White House delays border passport rules
20 June 2007
Starting next year, travelers also will no longer be able to make a verbal declaration of U.S citizenship to re-enter the country.
The modification is expected to last at least until the summer of 2008, when officials hope to require passports or similar documentation at all land and sea crossings.
Homeland Security Secretary Michael Chertoff announced the proposed rules and new flexibility after a passport requirement for air travel to those countries produced monthslong delays in processing passport applications at the State Department.
Even as recently as last week, DHS officials had insisted in the face of a public outcry that they were going forward with the tougher regulations on land and sea crossings starting in January.
Chertoff tried a different approach Wednesday.
"We are not going to drop the ax on Jan. 1, 2008," said Chertoff. "We've come to understand that it's important to build flexibility in our systems."
The announcement that officials would ease into the new rule was greeted with scorn by lawmakers critical of the agency.
Rep. Thomas Reynolds, R-N.Y., called it "more of the same bureaucratic doublespeak."
"They ask us to trust them to get this right. Frankly these two agencies haven't earned the trust of this Congress or the American people," said Reynolds.
The impending rule in January has rankled those living on the northern border, where people frequently cross into Canada for casual shopping and sports events.
That anger spread to all sections of the country in recent months as travelers faced a logistical nightmare of trying to get passports in time for travel. The waiting time for passports soared from around six weeks to more than three months, delaying or ruining the travel plans of thousands of Americans.
Chertoff, who in February pronounced the program was proceeding "flawlessly," on Wednesday called the current delays "a hiccup."
"I'm obviously dismayed that there was a problem in producing passports," he said.
But he also cautioned that without tougher rules the United State will remain unnecessarily vulnerable to terrorists using false documents to sneak across the border.
Under a post-Sept. 11 security law passed by Congress, U.S. citizens were to be required to show passports at such land and sea crossings beginning in 2008.
At a Senate hearing Tuesday, Maura Harty, assistant secretary of state for consular affairs, took the blame for the passport mess, even as she offered a wide array of explanations.
Part of the problem, she said, was that in 2005 Hurricane Katrina reduced the capabilities of the agency's New Orleans passport office. She also said the agency had not expected so many Americans to actually obey the new law.
And, she said, many people were applying for passports with no specific travel plans in mind — but that is precisely what northern state lawmakers had warned would happen for those living along the U.S. border who do not plan such trips far in advance.
Rep. Steve LaTourette, R-Ohio, said he thought the agency's new schedule was still "overly optimistic," but was glad they were at least "giving themselves some wiggle room and could delay implementation further if needed."

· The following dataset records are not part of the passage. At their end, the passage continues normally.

lemma relabel_pairs:
  assumes "bij_betw \<pi> V V" "W \<subseteq> pairs V"
  shows "relabel \<pi> W \<subseteq> pairs V"
proof
  fix e' assume "e' \<in> relabel \<pi> W"
  then obtain e where "e \<in> W" "e' = \<pi> ` e"
    unfolding relabel_def by auto
  moreover obtain x y where "e = {x, y}" "x \<noteq> y"
    using \<open>e \<in> W\<close> assms(2) unfolding pairs_def by (auto simp: card_2_iff)
  ultimately have "e' = {\<pi> x, \<pi> y}" "x \<in> V" "y \<in> V" "x \<noteq> y"
    using assms(2) by (auto simp: pair_mem_pairs)
  moreover have "\<pi> x \<noteq> \<pi> y"
    using calculation(2-4) bij_betw_imp_inj_on[OF assms(1)] by (simp add: inj_on_eq_iff)
  moreover have "\<pi> x \<in> V" "\<pi> y \<in> V"
    using calculation(2,3) assms(1) by (simp_all add: bij_betwE)
  ultimately show "e' \<in> pairs V"
    by (simp add: pair_mem_pairs)
qed

lemma inj_on_relabel:
  assumes "inj_on \<pi> V"
  shows "inj_on (relabel \<pi>) (Pow (pairs V))"
proof -
  have "inj_on (image \<pi>) (pairs V)"
    using inj_on_image_Pow[OF assms] by (rule inj_on_subset) (auto simp: pairs_def)
  then show ?thesis
    unfolding relabel_def by (rule inj_on_image_Pow)
qed

lemma quad_pattern_relabel:
  assumes iso: "iso_invariant n A" and \<pi>: "bij_betw \<pi> {1..n} {1..n}" and W: "W \<subseteq> edges n"
    and V: "a \<in> {1..n}" "b \<in> {1..n}" "c \<in> {1..n}" "d \<in> {1..n}"
  shows "quad_pattern (nonadj (relabel \<pi> W)) (addable A (relabel \<pi> W)) (\<pi> a) (\<pi> b) (\<pi> c) (\<pi> d)
         \<longleftrightarrow> quad_pattern (nonadj W) (addable A W) a b c d"
proof -
  have inj: "inj_on \<pi> {1..n}"
    using \<pi> by (rule bij_betw_imp_inj_on)
  have W_Pow: "W \<subseteq> Pow {1..n}"
    using W by (auto simp: edges_def)
  have nonadj: "nonadj (relabel \<pi> W) (\<pi> x) (\<pi> y) \<longleftrightarrow> nonadj W x y" if "x \<in> {1..n}" "y \<in> {1..n}" for x y
    using pair_mem_relabel[OF inj W_Pow that] inj that by (auto simp: nonadj_def inj_on_eq_iff)
  have addable: "addable A (relabel \<pi> W) (\<pi> x) (\<pi> y) \<longleftrightarrow> addable A W x y"
    if "x \<in> {1..n}" "y \<in> {1..n}" for x y
  proof (cases "x = y")
    case False
    have "insert {x, y} W \<subseteq> edges n"
      using W False that by (simp add: edges_eq_pairs pair_mem_pairs)
    then have "relabel \<pi> (insert {x, y} W) \<in> A \<longleftrightarrow> insert {x, y} W \<in> A"
      using iso \<pi> unfolding iso_invariant_def relabel_def by blast
    moreover have "relabel \<pi> (insert {x, y} W) = insert {\<pi> x, \<pi> y} (relabel \<pi> W)"
      by (simp add: relabel_def)
    ultimately show ?thesis
      using nonadj[OF that] by (simp add: addable_def)
  qed (simp add: addable_def nonadj_def)
  show ?thesis
    unfolding quad_pattern_def using nonadj addable V by simp
qed

lemma card_pattern_graphs_le:
  assumes iso: "iso_invariant n A" and \<pi>: "bij_betw \<pi> {1..n} {1..n}"
    and V: "a \<in> {1..n}" "b \<in> {1..n}" "c \<in> {1..n}" "d \<in> {1..n}"
  shows "card (pattern_graphs n A a b c d) \<le> card (pattern_graphs n A (\<pi> a) (\<pi> b) (\<pi> c) (\<pi> d))"
proof (rule card_inj_on_le)
  show "inj_on (relabel \<pi>) (pattern_graphs n A a b c d)"
    using inj_on_relabel[OF bij_betw_imp_inj_on[OF \<pi>]]
    by (rule inj_on_subset) (auto simp: pattern_graphs_def edges_eq_pairs)
  show "relabel \<pi> ` pattern_graphs n A a b c d \<subseteq> pattern_graphs n A (\<pi> a) (\<pi> b) (\<pi> c) (\<pi> d)"
    using relabel_pairs[OF \<pi>] quad_pattern_relabel[OF iso \<pi> _ V]
    by (auto simp: pattern_graphs_def edges_eq_pairs)
  show "finite (pattern_graphs n A (\<pi> a) (\<pi> b) (\<pi> c) (\<pi> d))"
    unfolding pattern_graphs_def by (simp add: edges_eq_pairs finite_pairs)
qed

lemma exists_bij_betw_4:
  assumes "finite V" "distinct [a, b, c, d]" "distinct [a', b', c', d']"
    and "{a, b, c, d} \<subseteq> V" "{a', b', c', d'} \<subseteq> V"
  obtains \<pi> where "bij_betw \<pi> V V" "\<pi> a = a'" "\<pi> b = b'" "\<pi> c = c'" "\<pi> d = d'"
proof -
  let ?S = "{a, b, c, d}" and ?S' = "{a', b', c', d'}"
  have "card (V - ?S) = card (V - ?S')"
    using assms by (simp add: card_Diff_subset finite_subset)
  then obtain h where h: "bij_betw h (V - ?S) (V - ?S')"
    using assms(1) finite_same_card_bij by blast
  define \<pi> where "\<pi> x = (if x = a then a' else if x = b then b' else if x = c then c' else if x = d then d' else h x)"
    for x
  have "bij_betw \<pi> ?S ?S'"
    using assms(2,3) by (intro bij_betw_imageI) (auto simp: inj_on_def \<pi>_def)
  moreover have "bij_betw \<pi> (V - ?S) (V - ?S')"
    using h by (rule bij_betw_cong[THEN iffD1, rotated]) (auto simp: \<pi>_def)
  ultimately have "bij_betw \<pi> (?S \<union> (V - ?S)) (?S' \<union> (V - ?S'))"
    by (rule bij_betw_combine) auto
  moreover have "?S \<union> (V - ?S) = V" "?S' \<union> (V - ?S') = V"
    using assms(4,5) by auto
  ultimately have "bij_betw \<pi> V V"
    by simp
  moreover have "\<pi> a = a'" "\<pi> b = b'" "\<pi> c = c'" "\<pi> d = d'"
    using assms(2) by (auto simp: \<pi>_def)
  ultimately show ?thesis
    using that by blast
qed

lemma card_pattern_graphs_eq:
  assumes iso: "iso_invariant n A" and d: "distinct [a, b, c, d]" "distinct [a', b', c', d']"
    and V: "{a, b, c, d} \<subseteq> {1..n}" "{a', b', c', d'} \<subseteq> {1..n}"
  shows "card (pattern_graphs n A a b c d) = card (pattern_graphs n A a' b' c' d')"
proof (rule antisym)
  obtain \<pi> where "bij_betw \<pi> {1..n} {1..n}" "\<pi> a = a'" "\<pi> b = b'" "\<pi> c = c'" "\<pi> d = d'"
    using exists_bij_betw_4[OF _ d V] by blast
  then show "card (pattern_graphs n A a b c d) \<le> card (pattern_graphs n A a' b' c' d')"
    using card_pattern_graphs_le[OF iso, of \<pi> a b c d] V by auto
  obtain \<sigma> where "bij_betw \<sigma> {1..n} {1..n}" "\<sigma> a' = a" "\<sigma> b' = b" "\<sigma> c' = c" "\<sigma> d' = d"
    using exists_bij_betw_4[OF _ d(2,1) V(2,1)] by blast
  then show "card (pattern_graphs n A a' b' c' d') \<le> card (pattern_graphs n A a b c d)"
    using card_pattern_graphs_le[OF iso, of \<sigma> a' b' c' d'] V by auto
qed

lemma sum_Pow_quad_count_le:
  assumes iso: "iso_invariant n A" and n: "n \<ge> 4"
  shows "(\<Sum>W\<in>Pow (edges n). quad_count (nonadj W) (addable A W) {1..n})
           \<le> real n ^ 4 * real (card (pattern_graphs n A 1 2 3 4))"
proof -
  let ?V = "{1..n}" and ?P = "Pow (edges n)"
  have "(\<Sum>W\<in>?P. quad_count (nonadj W) (addable A W) ?V)
        = (\<Sum>a\<in>?V. \<Sum>b\<in>?V. \<Sum>c\<in>?V. \<Sum>d\<in>?V. real (card (pattern_graphs n A a b c d)))"
  proof -
    have "real (card (pattern_graphs n A a b c d)) = (\<Sum>W\<in>?P. of_bool (quad_pattern (nonadj W) (addable A W) a b c d))"
      for a b c d
      unfolding pattern_graphs_def by (simp only: card_filter_eq_sum_of_bool edges_eq_pairs finite_pairs finite_atLeastAtMost finite_Pow_iff)
    then show ?thesis
      unfolding quad_count_def by (simp only: sum.swap[of _ ?P])
  qed
  also have "\<dots> \<le> (\<Sum>a\<in>?V. \<Sum>b\<in>?V. \<Sum>c\<in>?V. \<Sum>d\<in>?V. real (card (pattern_graphs n A 1 2 3 4)))"
  proof (intro sum_mono)
    fix a b c d assume "a \<in> ?V" "b \<in> ?V" "c \<in> ?V" "d \<in> ?V"
    show "real (card (pattern_graphs n A a b c d)) \<le> real (card (pattern_graphs n A 1 2 3 4))"
    proof (cases "distinct [a, b, c, d]")
      case True
      then show ?thesis
        using card_pattern_graphs_eq[OF iso True, of 1 2 3 4] n \<open>a \<in> ?V\<close> \<open>b \<in> ?V\<close> \<open>c \<in> ?V\<close> \<open>d \<in> ?V\<close>
        by simp
    next
      case False
      then have "pattern_graphs n A a b c d = {}"
        by (auto simp: pattern_graphs_def quad_pattern_def addable_def nonadj_def)
      then show ?thesis
        by simp
    qed
  qed
  also have "\<dots> = real n ^ 4 * real (card (pattern_graphs n A 1 2 3 4))"
    by (simp add: power4_eq_xxxx)
  finally show ?thesis .
qed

Complaints from the public and from Congress about the passport delays forced the Bush administration on June 8 to suspend the air travel passport requirement until September.
Officials announced that those flying back from Canada, Mexico, the Caribbean and Bermuda may now do so until September with an identification card like a driver's license and a printout from a State Department Web site showing they have applied and are still waiting for a U.S. passport.